GSA Annual Meeting in Seattle, Washington, USA - 2017

Paper No. 148-5
Presentation Time: 2:35 PM

DEFORMATION CONDITIONS, KINEMATICS, AND THERMOCHRONOMETRIC CONSTRAINTS ALONG THE GOSSAN LEAD FAULT, THE BOUNDARY BETWEEN THE WESTERN AND EASTERN BLUE RIDGE IN NORTHWEST NORTH CAROLINA


LEVINE, Jamie S.F., Appalachian State University, 572 Rivers Street, Boone, NC 28608, MERSCHAT, Arthur, US Geological Survey, MS 926A National Center, Reston, VA 20191, CASALE, Gabriele, Geology, Appalachian State University, 033 Rankin Science West, 572 Rivers Street, Boone, WA 28608, MCALEER, Ryan J., United States Geological Survey, 926A National Center, Reston, VA 20192 and QUILLAN, Kevin, Reid, Geology, Western Washington University, 343 South Garden Street, Bellingham, WA 98225, levinejs@appstate.edu

The fault boundary between the western and eastern Blue Ridge (WBR-EBR) in the southern Appalachians separates Mesoproterozoic basement rocks and their cover, from Neoproterozoic to Paleozoic accreted rocks. Several northeast-striking faults delineate the boundary, including the Gossan Lead fault (GLF) in northwestern North Carolina. Varying tectonic interpretations of the WBR-EBR boundary include a pre-metamorphic fault, an Acadian dextral strike-slip fault, or an Alleghanian fault. We use field-based, microstructural, and theromochronometric analyses to determine the conditions, kinematics, and timing of deformation, in order to distinguish among competing hypotheses for the GLF.

Detailed mapping and microstructural analysis of the GLF document a several km-wide mylonitic zone with kinematic indicators that record dominantly top-to-the-NW thrust motion, and local strike-slip and normal sense indicators. Microstructural observations of recrystallized quartz and feldspar constrain deformation conditions. Quartz is characterized by either subgrains and new grains with irregular boundaries, or subgrains and new grains with similar orientations to the host.

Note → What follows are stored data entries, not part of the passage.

text \<open>With \<open>X = S - R\<close>, both sums of the previous lemma have nonnegative real parts, so they
  vanish; hence the columns of \<open>X\<close> lie in the kernels of \<open>S\<close> and \<open>R\<close>, and \<open>X\<^sup>2 = 0\<close>.\<close>

lemma psd_sqrt_unique:
  assumes S: "S \<in> carrier_mat n n" and R: "R \<in> carrier_mat n n"
    and pS: "psd S" and pR: "psd R" and SR: "S * S = R * R"
  shows "S = R"
proof -
  have hS: "hermitian_mat n S" and qS: "\<forall>v. 0 \<le> Re (quad_form n S v)"
    using pS psd_iff_quad_form[OF S] by auto
  have hR: "hermitian_mat n R" and qR: "\<forall>v. 0 \<le> Re (quad_form n R v)"
    using pR psd_iff_quad_form[OF R] by auto
  define X where "X = S - R"
  have X: "X $$ (i,j) = S $$ (i,j) - R $$ (i,j)" if "i < n" "j < n" for i j
    using S R that by (simp add: X_def)
  have hX: "hermitian_mat n X"
    unfolding hermitian_mat_def
  proof (intro allI impI)
    fix i j assume ij: "i < n" "j < n"
    then show "X $$ (j,i) = cnj (X $$ (i,j))"
      using hermitian_matD[OF hS ij] hermitian_matD[OF hR ij] by (simp add: X)
  qed
  have SX: "(\<Sum>l<n. S $$ (k,l) * X $$ (l,i)) = - (\<Sum>l<n. X $$ (k,l) * R $$ (l,i))"
    if "k < n" "i < n" for k i
  proof -
    have "(\<Sum>l<n. S $$ (k,l) * X $$ (l,i)) + (\<Sum>l<n. X $$ (k,l) * R $$ (l,i))
        = (\<Sum>l<n. S $$ (k,l) * S $$ (l,i)) - (\<Sum>l<n. R $$ (k,l) * R $$ (l,i))"
      unfolding sum.distrib[symmetric] sum_subtractf[symmetric]
      using that by (intro sum.cong refl) (simp add: X algebra_simps)
    also have "\<dots> = 0"
      using arg_cong[OF SR, of "\<lambda>M. M $$ (k,i)"] that
      by (simp add: index_mult_mat_sum[OF S S] index_mult_mat_sum[OF R R])
    finally show ?thesis by (simp only: eq_neg_iff_add_eq_0)
  qed
  let ?T = "\<lambda>M. \<Sum>i<n. quad_form n M (\<lambda>k. X $$ (k,i))"
  have nonneg: "0 \<le> Re (?T M)" if "\<forall>v. 0 \<le> Re (quad_form n M v)" for M
    unfolding Re_sum using that by (intro sum_nonneg) auto
  have zero: "Re (quad_form n M (\<lambda>k. X $$ (k,i))) = 0"
    if "\<forall>v. 0 \<le> Re (quad_form n M v)" "Re (?T M) = 0" "i < n" for M i
    using that sum_nonneg_eq_0_iff[of "{..<n}" "\<lambda>i. Re (quad_form n M (\<lambda>k. X $$ (k,i)))"]
    unfolding Re_sum by auto
  have "Re (?T S) + Re (?T R) = 0"
    using arg_cong[OF sum_quad_form_columns_eq_0[OF hX SX], of Re] by simp
  then have TS: "Re (?T S) = 0" and TR: "Re (?T R) = 0"
    using nonneg[OF qS] nonneg[OF qR] by linarith+
  have "(\<Sum>j<n. X $$ (k,j) * X $$ (j,k)) = 0" if "k < n" for k
  proof -
    have "(\<Sum>j<n. X $$ (k,j) * X $$ (j,k))
        = (\<Sum>j<n. S $$ (k,j) * X $$ (j,k)) - (\<Sum>j<n. R $$ (k,j) * X $$ (j,k))"
      unfolding sum_subtractf[symmetric] using that by (intro sum.cong refl) (simp add: X algebra_simps)
    then show ?thesis
      using psd_quad_form_eq_0_imp_kernel[OF hS qS zero[OF qS TS that] that]
        psd_quad_form_eq_0_imp_kernel[OF hR qR zero[OF qR TR that] that] by simp
  qed
  then have "X $$ (i,j) = 0" if "i < n" "j < n" for i j
    using hermitian_square_diag_eq_0_imp_zero[OF hX _ that] by blast
  then show ?thesis
    by (intro eq_matI) (use S R X in auto)
qed

lemma trace_norm_eqI:
  assumes A: "A \<in> carrier_mat n n" and S: "S \<in> carrier_mat n n" and pS: "psd S"
    and SS: "S * S = adj A * A"
  shows "trace_norm A = Re (tr S)"
proof -
  have "(THE S'. psd S' \<and> dim_row S' = dim_col A \<and> S' * S' = adj A * A) = S"
  proof (rule the_equality)
    show "psd S \<and> dim_row S = dim_col A \<and> S * S = adj A * A" using pS S A SS by simp
  next
    fix S' assume H: "psd S' \<and> dim_row S' = dim_col A \<and> S' * S' = adj A * A"
    then have "S' \<in> carrier_mat n n" using A unfolding psd_def hermitian_def by auto
    then show "S' = S" using psd_sqrt_unique[OF _ S, of S'] H pS SS by auto
  qed
  then show ?thesis unfolding trace_norm_def by simp
qed

section \<open>Matrices of the form \<open>x I + y J\<close> on a block of indices\<close>

definition block_mat :: "nat \<Rightarrow> nat \<Rightarrow> nat \<Rightarrow> complex \<Rightarrow> complex \<Rightarrow> complex mat" where
  "block_mat n K L x y = mat n n (\<lambda>(a,b).
     if K \<le> a \<and> a < K + L \<and> K \<le> b \<and> b < K + L then (if a = b then x else 0) + y else 0)"

lemma block_mat_carrier[simp]: "block_mat n K L x y \<in> carrier_mat n n"
  by (simp add: block_mat_def)

lemma block_mat_dim[simp]: "dim_row (block_mat n K L x y) = n" "dim_col (block_mat n K L x y) = n"
  by (simp_all add: block_mat_def)

lemma index_block_mat: "a < n \<Longrightarrow> b < n \<Longrightarrow> block_mat n K L x y $$ (a,b) =
  (if K \<le> a \<and> a < K + L \<and> K \<le> b \<and> b < K + L then (if a = b then x else 0) + y else 0)"
  by (simp add: block_mat_def)

lemma sum_if_const: "(\<Sum>b\<in>A. if P then f b else 0) = (if P then (\<Sum>b\<in>A. f b) else 0)"
  by (cases P) simp_all

lemma sum_if_atLeastLessThan:
  fixes K L n :: nat
  assumes "K + L \<le> n"
  shows "(\<Sum>c<n. if K \<le> c \<and> c < K + L then g c else 0) = (\<Sum>c\<in>{K..<K+L}. g c)"
proof -
  have "(\<Sum>c<n. if K \<le> c \<and> c < K + L then g c else 0) = sum g {c \<in> {..<n}. K \<le> c \<and> c < K + L}"
    by (rule sum.inter_filter[symmetric]) simp
  also have "{c \<in> {..<n}. K \<le> c \<and> c < K + L} = {K..<K+L}" using assms by auto
  finally show ?thesis .
qed

lemma block_mat_mult:
  assumes n: "K + L \<le> n"
  shows "block_mat n K L x y * block_mat n K L x' y' =
    block_mat n K L (x * x') (x * y' + y * x' + of_nat L * y * y')" (is "?M = block_mat n K L ?u ?v")
proof (rule eq_matI)
  fix a b assume "a < dim_row (block_mat n K L ?u ?v)" "b < dim_col (block_mat n K L ?u ?v)"
  then have ab: "a < n" "b < n" by auto
  have "?M $$ (a,b) = (\<Sum>c<n. block_mat n K L x y $$ (a,c) * block_mat n K L x' y' $$ (c,b))"
    using index_mult_mat_sum[OF block_mat_carrier block_mat_carrier ab] .
  also have "\<dots> = block_mat n K L ?u ?v $$ (a,b)"
  proof (cases "K \<le> a \<and> a < K + L \<and> K \<le> b \<and> b < K + L")
    case True
    have "(\<Sum>c<n. block_mat n K L x y $$ (a,c) * block_mat n K L x' y' $$ (c,b)) =
        (\<Sum>c<n. if K \<le> c \<and> c < K + L
          then ((if a = c then x else 0) + y) * ((if c = b then x' else 0) + y') else 0)"
      using True ab by (intro sum.cong refl) (auto simp: index_block_mat)
    also have "\<dots> = (\<Sum>c\<in>{K..<K+L}. ((if a = c then x else 0) + y) * ((if c = b then x' else 0) + y'))"
      by (rule sum_if_atLeastLessThan[OF n])
    also have "\<dots> = (\<Sum>c\<in>{K..<K+L}.
        (if c = a then (if a = b then x * x' else 0) + x * y' else 0) + (if c = b then y * x' else 0) + y * y')"
      by (intro sum.cong refl) (auto simp: algebra_simps)
    also have "\<dots> = block_mat n K L ?u ?v $$ (a,b)"
      using True ab by (simp add: sum.distrib index_block_mat algebra_simps)
    finally show ?thesis .
  qed (use ab in \<open>auto simp: index_block_mat intro!: sum.neutral\<close>)
  finally show "?M $$ (a,b) = block_mat n K L ?u ?v $$ (a,b)" .
qed auto

lemma adj_block_mat: "adj (block_mat n K L x y) = block_mat n K L (cnj x) (cnj y)"
  by (rule eq_matI) (auto simp: adj_def index_block_mat)

lemma block_mat_one_cong: "x + y = x' + y' \<Longrightarrow> block_mat n K 1 x y = block_mat n K 1 x' y'"
  by (rule eq_matI) (auto simp: index_block_mat)

lemma tr_block_mat:
  assumes "K + L \<le> n"
  shows "tr (block_mat n K L x y) = of_nat L * (x + y)"
proof -
  have "tr (block_mat n K L x y) = (\<Sum>a<n. if K \<le> a \<and> a < K + L then x + y else 0)"
    unfolding tr_def by (intro sum.cong refl) (auto simp: index_block_mat)
  also have "\<dots> = (\<Sum>a\<in>{K..<K+L}. x + y)" by (rule sum_if_atLeastLessThan[OF assms])
  finally show ?thesis by simp
qed

lemma quad_form_block_mat:
  assumes n: "K + L \<le> n"
  shows "quad_form n (block_mat n K L x y) v =
    x * (\<Sum>a\<in>{K..<K+L}. cnj (v a) * v a) + y * (cnj (\<Sum>a\<in>{K..<K+L}. v a) * (\<Sum>a\<in>{K..<K+L}. v a))"
proof -
  let ?f = "\<lambda>a b. cnj (v a) * ((if a = b then x else 0) + y) * v b"
  have "quad_form n (block_mat n K L x y) v =
      (\<Sum>a<n. if K \<le> a \<and> a < K + L then \<Sum>b<n. if K \<le> b \<and> b < K + L then ?f a b else 0 else 0)"
    unfolding quad_form_def sum_if_const[symmetric]
    by (intro sum.cong refl) (auto simp: index_block_mat)
  also have "\<dots> = (\<Sum>a\<in>{K..<K+L}. \<Sum>b\<in>{K..<K+L}. ?f a b)"
    unfolding sum_if_atLeastLessThan[OF n] ..
  also have "\<dots> = (\<Sum>a\<in>{K..<K+L}. \<Sum>b\<in>{K..<K+L}.
      (if b = a then x * (cnj (v a) * v a) else 0) + y * (cnj (v a) * v b))"
    by (intro sum.cong refl) (auto simp: algebra_simps)
  finally show ?thesis
    by (simp add: sum.distrib sum_distrib_left sum_distrib_right cnj_sum algebra_simps)
qed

These observations, and preliminary electron backscatter diffraction data, indicate bulging grain boundary migration (BLG) and subgrain rotation recrystallization in quartz, typical of deformation at greenschist to lower amphibolite-facies conditions. Feldspar has core and mantle structures with irregular boundaries on subgrains and new grains indicating BLG recrystallization and deformation within the amphibolite-facies, but is variably epidotized suggesting a greenschist-facies overprint. Unaltered lineation-forming amphibole from a mylonitic amphibolite records an 40Ar/39Ar cooling age of ~340 Ma, indicating that amphibolite-facies deformation occurred prior to the Alleghanian orogeny. This indicates lower grade deformation recorded elsewhere in quartz and feldspar is either due to this same protracted event or a discrete Alleghanian event. These data are consistent with dominantly transpressional amphibolite- and greenschist-facies deformation during the Neoacadian and possibly Alleghanian orogenies along this portion of the complexly deformed WBR-EBR boundary.